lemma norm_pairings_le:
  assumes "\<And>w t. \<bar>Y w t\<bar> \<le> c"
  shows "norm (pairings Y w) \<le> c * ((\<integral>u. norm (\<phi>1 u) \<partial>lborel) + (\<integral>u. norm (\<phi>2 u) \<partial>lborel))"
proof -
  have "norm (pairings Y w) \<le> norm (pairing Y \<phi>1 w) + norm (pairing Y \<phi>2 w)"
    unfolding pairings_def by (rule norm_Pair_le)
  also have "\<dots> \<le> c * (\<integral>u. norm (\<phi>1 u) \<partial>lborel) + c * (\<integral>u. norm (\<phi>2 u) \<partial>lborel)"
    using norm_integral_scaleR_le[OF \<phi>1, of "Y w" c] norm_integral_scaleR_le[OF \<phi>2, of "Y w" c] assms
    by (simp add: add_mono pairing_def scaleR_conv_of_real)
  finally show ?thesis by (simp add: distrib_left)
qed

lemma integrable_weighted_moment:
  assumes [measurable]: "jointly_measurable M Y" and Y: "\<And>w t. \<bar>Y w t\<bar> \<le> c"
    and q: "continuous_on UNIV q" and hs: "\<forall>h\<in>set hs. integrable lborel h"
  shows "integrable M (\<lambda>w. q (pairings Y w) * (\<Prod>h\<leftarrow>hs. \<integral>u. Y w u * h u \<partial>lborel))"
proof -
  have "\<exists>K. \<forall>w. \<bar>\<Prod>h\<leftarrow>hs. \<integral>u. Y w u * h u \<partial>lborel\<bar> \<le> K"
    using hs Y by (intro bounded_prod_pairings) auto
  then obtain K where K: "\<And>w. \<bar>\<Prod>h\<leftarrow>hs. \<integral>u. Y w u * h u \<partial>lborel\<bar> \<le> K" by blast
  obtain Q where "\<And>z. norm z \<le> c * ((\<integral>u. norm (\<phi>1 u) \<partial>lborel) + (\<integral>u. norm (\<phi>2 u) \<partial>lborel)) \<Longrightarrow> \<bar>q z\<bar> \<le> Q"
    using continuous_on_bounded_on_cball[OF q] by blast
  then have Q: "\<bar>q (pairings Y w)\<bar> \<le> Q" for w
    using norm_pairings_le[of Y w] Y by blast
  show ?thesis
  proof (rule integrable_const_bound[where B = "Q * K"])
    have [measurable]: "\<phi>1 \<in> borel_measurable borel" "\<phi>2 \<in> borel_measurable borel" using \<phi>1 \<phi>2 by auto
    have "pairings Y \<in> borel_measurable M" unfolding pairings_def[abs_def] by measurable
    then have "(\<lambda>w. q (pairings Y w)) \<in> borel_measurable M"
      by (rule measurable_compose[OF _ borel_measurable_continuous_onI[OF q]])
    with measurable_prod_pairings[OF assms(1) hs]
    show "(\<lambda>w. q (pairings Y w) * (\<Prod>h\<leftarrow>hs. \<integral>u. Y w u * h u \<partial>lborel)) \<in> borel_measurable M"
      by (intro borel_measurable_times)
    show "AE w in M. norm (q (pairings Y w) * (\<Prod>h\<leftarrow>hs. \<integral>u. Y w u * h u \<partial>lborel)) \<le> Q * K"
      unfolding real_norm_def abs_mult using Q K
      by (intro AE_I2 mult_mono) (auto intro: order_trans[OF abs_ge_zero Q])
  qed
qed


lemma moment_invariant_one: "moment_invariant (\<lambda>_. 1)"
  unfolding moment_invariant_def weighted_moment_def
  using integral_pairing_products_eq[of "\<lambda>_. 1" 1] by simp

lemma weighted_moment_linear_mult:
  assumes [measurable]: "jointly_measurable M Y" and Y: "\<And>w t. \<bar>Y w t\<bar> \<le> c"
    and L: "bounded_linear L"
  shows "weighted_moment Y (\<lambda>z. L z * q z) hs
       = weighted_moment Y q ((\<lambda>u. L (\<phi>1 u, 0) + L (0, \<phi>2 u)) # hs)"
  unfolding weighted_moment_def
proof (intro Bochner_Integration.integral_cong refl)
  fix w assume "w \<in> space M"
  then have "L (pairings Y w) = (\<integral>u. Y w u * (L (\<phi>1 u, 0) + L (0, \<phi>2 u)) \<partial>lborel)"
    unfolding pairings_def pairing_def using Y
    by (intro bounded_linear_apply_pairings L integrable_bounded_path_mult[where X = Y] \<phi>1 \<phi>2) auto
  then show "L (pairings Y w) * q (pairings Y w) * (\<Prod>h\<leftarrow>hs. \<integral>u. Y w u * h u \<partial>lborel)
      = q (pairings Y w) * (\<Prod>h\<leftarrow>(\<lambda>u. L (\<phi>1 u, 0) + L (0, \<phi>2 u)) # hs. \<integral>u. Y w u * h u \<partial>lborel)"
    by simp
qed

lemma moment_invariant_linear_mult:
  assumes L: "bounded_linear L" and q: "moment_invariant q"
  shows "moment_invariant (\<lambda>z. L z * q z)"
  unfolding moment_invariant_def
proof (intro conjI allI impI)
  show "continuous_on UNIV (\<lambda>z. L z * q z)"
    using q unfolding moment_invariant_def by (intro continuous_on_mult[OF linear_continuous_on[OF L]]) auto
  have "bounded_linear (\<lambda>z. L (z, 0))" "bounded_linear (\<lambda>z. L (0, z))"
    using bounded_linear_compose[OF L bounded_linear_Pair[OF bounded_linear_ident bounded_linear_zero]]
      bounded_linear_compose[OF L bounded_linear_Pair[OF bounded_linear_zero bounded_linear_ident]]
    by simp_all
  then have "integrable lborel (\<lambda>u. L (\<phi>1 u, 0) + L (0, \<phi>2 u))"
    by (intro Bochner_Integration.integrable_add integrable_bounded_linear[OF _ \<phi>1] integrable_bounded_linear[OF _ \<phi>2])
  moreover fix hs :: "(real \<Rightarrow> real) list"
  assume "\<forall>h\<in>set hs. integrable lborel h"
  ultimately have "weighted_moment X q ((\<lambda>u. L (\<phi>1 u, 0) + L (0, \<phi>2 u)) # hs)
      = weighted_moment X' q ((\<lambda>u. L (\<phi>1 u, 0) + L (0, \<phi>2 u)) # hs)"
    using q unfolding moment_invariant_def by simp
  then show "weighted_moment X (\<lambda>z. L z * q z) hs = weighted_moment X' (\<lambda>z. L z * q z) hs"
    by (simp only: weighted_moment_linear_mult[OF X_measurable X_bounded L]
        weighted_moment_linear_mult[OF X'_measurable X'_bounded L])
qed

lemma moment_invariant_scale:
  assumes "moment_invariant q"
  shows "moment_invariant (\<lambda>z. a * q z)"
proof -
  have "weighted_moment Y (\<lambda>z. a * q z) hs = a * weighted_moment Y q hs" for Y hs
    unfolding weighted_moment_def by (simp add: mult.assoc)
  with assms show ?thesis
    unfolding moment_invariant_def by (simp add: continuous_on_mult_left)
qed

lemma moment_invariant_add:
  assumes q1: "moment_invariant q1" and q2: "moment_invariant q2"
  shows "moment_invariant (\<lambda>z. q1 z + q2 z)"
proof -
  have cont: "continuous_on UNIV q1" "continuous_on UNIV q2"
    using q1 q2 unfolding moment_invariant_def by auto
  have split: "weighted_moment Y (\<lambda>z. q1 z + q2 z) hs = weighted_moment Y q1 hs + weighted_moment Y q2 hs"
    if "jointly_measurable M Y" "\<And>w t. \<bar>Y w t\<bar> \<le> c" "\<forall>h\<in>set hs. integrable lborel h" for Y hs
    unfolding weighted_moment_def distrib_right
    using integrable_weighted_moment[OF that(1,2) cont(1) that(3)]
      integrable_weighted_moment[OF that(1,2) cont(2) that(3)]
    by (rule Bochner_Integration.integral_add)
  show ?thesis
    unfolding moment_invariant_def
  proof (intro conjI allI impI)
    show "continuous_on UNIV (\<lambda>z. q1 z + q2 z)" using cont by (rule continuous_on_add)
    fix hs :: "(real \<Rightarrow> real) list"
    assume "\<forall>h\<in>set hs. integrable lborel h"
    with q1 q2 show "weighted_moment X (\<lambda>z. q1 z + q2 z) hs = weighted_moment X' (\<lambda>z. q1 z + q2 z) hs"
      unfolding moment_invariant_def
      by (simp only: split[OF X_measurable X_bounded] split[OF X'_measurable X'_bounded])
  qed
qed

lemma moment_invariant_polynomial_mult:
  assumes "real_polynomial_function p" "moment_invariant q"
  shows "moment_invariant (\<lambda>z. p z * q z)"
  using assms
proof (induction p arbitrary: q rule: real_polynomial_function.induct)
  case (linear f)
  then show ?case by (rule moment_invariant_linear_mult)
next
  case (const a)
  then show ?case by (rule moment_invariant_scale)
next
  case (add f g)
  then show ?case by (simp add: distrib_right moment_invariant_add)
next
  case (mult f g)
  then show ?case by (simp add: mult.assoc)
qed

++++++++++

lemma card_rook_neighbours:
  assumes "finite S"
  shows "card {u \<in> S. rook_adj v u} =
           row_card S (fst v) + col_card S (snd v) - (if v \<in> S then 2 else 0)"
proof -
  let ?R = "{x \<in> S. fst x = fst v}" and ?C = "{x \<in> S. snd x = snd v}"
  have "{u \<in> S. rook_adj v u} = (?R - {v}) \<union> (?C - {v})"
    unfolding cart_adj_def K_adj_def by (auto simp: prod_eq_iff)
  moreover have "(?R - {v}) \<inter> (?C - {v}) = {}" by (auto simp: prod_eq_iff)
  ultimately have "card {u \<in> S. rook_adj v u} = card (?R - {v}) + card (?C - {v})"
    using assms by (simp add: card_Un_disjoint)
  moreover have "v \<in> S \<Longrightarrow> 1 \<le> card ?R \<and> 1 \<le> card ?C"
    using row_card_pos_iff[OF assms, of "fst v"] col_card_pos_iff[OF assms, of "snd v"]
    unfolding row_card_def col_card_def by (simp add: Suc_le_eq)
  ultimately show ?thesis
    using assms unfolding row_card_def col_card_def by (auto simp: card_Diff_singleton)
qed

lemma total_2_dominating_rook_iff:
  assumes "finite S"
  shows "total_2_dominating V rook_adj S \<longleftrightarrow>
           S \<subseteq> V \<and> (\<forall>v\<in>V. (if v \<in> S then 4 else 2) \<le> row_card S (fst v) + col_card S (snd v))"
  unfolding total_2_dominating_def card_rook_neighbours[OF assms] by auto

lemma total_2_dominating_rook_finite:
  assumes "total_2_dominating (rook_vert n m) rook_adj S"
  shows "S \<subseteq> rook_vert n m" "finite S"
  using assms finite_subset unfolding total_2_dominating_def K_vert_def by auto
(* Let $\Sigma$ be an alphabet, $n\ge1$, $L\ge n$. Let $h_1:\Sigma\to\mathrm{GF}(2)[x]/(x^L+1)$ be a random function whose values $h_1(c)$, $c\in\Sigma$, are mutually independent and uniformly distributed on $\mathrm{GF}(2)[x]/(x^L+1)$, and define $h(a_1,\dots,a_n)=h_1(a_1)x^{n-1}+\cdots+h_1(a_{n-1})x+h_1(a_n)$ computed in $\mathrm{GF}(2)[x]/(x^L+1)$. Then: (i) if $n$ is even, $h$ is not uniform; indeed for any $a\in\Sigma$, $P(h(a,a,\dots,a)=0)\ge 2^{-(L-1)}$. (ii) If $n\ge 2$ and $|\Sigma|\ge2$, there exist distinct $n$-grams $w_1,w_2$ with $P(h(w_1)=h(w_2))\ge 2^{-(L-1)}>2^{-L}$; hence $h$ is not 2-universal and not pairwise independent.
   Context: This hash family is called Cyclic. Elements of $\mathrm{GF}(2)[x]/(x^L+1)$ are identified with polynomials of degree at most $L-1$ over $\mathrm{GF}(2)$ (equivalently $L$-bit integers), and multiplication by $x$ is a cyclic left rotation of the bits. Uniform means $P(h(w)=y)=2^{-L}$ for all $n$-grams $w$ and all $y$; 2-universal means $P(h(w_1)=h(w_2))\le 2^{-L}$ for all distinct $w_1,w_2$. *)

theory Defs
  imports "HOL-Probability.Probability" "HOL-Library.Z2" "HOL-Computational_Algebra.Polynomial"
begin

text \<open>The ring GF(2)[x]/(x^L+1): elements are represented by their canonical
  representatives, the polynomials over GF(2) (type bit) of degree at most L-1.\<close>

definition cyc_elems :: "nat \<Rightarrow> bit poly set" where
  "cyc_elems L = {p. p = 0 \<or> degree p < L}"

++++++++++

■ **Work required**
Number of lines above containing "impI": state it and nothing else.

■ **Output below**
2